# Data for this task
lemma graph_replace: "graph G'"
proof -
  have "finite (verts G')" "verts G' \<noteq> {}"
    using graph_G graph_H by (auto simp: graph_def verts_replace)
  moreover have "edges G' \<subseteq> verts G' \<times> verts G'"
    using edges_G(1,3) edges_H(1) disjoint unfolding verts_replace edges_replace by auto
  moreover have "sym (edges G')"
    using edges_G(2) edges_H(2) unfolding edges_replace sym_def by blast
  moreover have "\<forall>x. (x, x) \<notin> edges G'"
    using edges_G(1,3) edges_H(3) disjoint unfolding edges_replace by auto
  ultimately show ?thesis by (simp add: graph_def)
qed

lemma mem_cnbhd_replace_rename:
  assumes "h \<in> verts H" "x \<in> verts G" "w \<in> verts G"
  shows "rename_u h x \<in> cnbhd G' (rename_u h w) \<longleftrightarrow> x \<in> cnbhd G w"
proof (cases "w = u")
  case True
  then show ?thesis
    using cnbhd_replace_H[OF assms(1)] cnbhd_subset_H[OF assms(1)] assms disjoint by auto
next
  case False
  then show ?thesis
    using cnbhd_replace_G[OF assms(3) False] cnbhd_subset_G[OF assms(3)] assms disjoint by auto
qed

lemma mem_cnbhd_replace_contract:
  assumes "v \<in> verts G - {u}" "x \<in> verts G'"
  shows "x \<in> cnbhd G' v \<longleftrightarrow> contract_H x \<in> cnbhd G v"
  using cnbhd_replace_G[of v] cnbhd_subset_G[of v] assms disjoint by (auto simp: verts_replace)

lemma mem_cnbhd_replace_H:
  assumes "v \<in> verts H" "x \<in> verts H"
  shows "x \<in> cnbhd G' v \<longleftrightarrow> x \<in> cnbhd H v"
  using cnbhd_replace_H[OF assms(1)] cnbhd_subset_G[OF u_in_G] assms disjoint by auto

lemma dominated_replace_G_minus_H:
  assumes "set A \<subseteq> verts G - {u}"
  shows "dominated G' A - verts H = dominated G A - {u}"
proof -
  have "cnbhd G' a - verts H = cnbhd G a - {u}" if "a \<in> set A" for a
  proof -
    have a: "a \<in> verts G" "a \<noteq> u" using that assms by auto
    show ?thesis using cnbhd_replace_G[OF a] cnbhd_subset_G[OF a(1)] disjoint by auto
  qed
  then show ?thesis unfolding dominated_def by blast
qed

lemma dominated_replace_G_inter_H:
  assumes "set A \<subseteq> verts G - {u}"
  shows "dominated G' A \<inter> verts H = (if u \<in> dominated G A then verts H else {})"
proof -
  have a: "a \<in> verts G" "a \<noteq> u" if "a \<in> set A" for a using that assms by auto
  show ?thesis
  proof (cases "u \<in> dominated G A")
    case True
    then obtain a where "a \<in> set A" "u \<in> cnbhd G a" by (auto simp: dominated_def)
    then have "verts H \<subseteq> dominated G' A"
      using cnbhd_replace_G[OF a] by (auto simp: dominated_def)
    with True show ?thesis by auto
  next
    case False
    then have "cnbhd G' a \<inter> verts H = {}" if "a \<in> set A" for a
      using that cnbhd_replace_G[OF a[OF that]] cnbhd_subset_G[OF a(1)[OF that]] disjoint
      by (auto simp: dominated_def)
    with False show ?thesis by (auto simp: dominated_def)
  qed
qed

lemma dominated_replace_H:
  assumes "set T \<subseteq> verts H" "T \<noteq> []"
  shows "dominated G' T = dominated H T \<union> (cnbhd G u - {u})"
proof -
  have "dominated G' T = (\<Union>t\<in>set T. cnbhd H t \<union> (cnbhd G u - {u}))"
    unfolding dominated_def using assms(1) cnbhd_replace_H by (intro SUP_cong) auto
  then show ?thesis using assms(2) by (simp add: UN_Un_distrib dominated_def)
qed

lemma legal_after_replace_of_G:
  assumes h: "h \<in> verts H" and S: "legal_after G D S" "set S \<subseteq> verts G"
    and D: "\<And>x. x \<in> verts G \<Longrightarrow> rename_u h x \<in> D' \<Longrightarrow> x \<in> D"
  shows "legal_after G' D' (map (rename_u h) S)"
proof (rule legal_after_map[OF S(1)])
  have "dominated G S \<subseteq> verts G" using dominated_subset_verts[OF graph_G S(2)] .
  then show "rename_u h x \<in> cnbhd G' (rename_u h v) \<longleftrightarrow> x \<in> cnbhd G v"
    if "v \<in> set S" "x \<in> dominated G S" for v x
    using that S(2) mem_cnbhd_replace_rename[OF h] by blast
  show "x \<in> D" if "x \<in> dominated G S" "rename_u h x \<in> D'" for x
    using that D \<open>dominated G S \<subseteq> verts G\<close> by blast
qed

lemma legal_after_replace_of_H:
  assumes T: "legal_after H D T" "set T \<subseteq> verts H" and D: "D' \<inter> verts H \<subseteq> D"
  shows "legal_after G' D' T"
proof -
  have "legal_after G' D' (map id T)"
  proof (rule legal_after_map[OF T(1)])
    have "dominated H T \<subseteq> verts H" using dominated_subset_verts[OF graph_H T(2)] .
    then show "id x \<in> cnbhd G' (id v) \<longleftrightarrow> x \<in> cnbhd H v"
      if "v \<in> set T" "x \<in> dominated H T" for v x
      using that T(2) mem_cnbhd_replace_H by auto
    show "x \<in> D" if "x \<in> dominated H T" "id x \<in> D'" for x
      using that \<open>dominated H T \<subseteq> verts H\<close> D by auto
  qed
  then show ?thesis by simp
qed

lemma legal_dom_seq_replace_of_G:
  assumes "legal_dom_seq G S"
  shows "\<exists>S'. legal_dom_seq G' S' \<and> length S \<le> length S'"
proof -
  obtain h where h: "h \<in> verts H" using graph_H by (auto simp: graph_def)
  have S: "legal_after G {} S" "set S \<subseteq> verts G" using assms by (auto simp: legal_dom_seq_iff)
  have "legal_after G' {} (map (rename_u h) S)" using legal_after_replace_of_G[OF h S, of "{}"] by simp
  moreover have "set (map (rename_u h) S) \<subseteq> verts G'"
    using S(2) h by (auto simp: verts_replace)
  ultimately obtain T where "legal_dom_seq G' (map (rename_u h) S @ T)"
    using legal_after_extend[OF graph_replace] by blast
  then show ?thesis by (intro exI[of _ "map (rename_u h) S @ T"]) simp
qed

# Exercise description
Retype the entries above exactly, but only from the line containing "using that \<open>dominated" through the line containing "obtain h where", both included.

# Exercise solution
      using that \<open>dominated H T \<subseteq> verts H\<close> D by auto
  qed
  then show ?thesis by simp
qed

lemma legal_dom_seq_replace_of_G:
  assumes "legal_dom_seq G S"
  shows "\<exists>S'. legal_dom_seq G' S' \<and> length S \<le> length S'"
proof -
  obtain h where h: "h \<in> verts H" using graph_H by (auto simp: graph_def)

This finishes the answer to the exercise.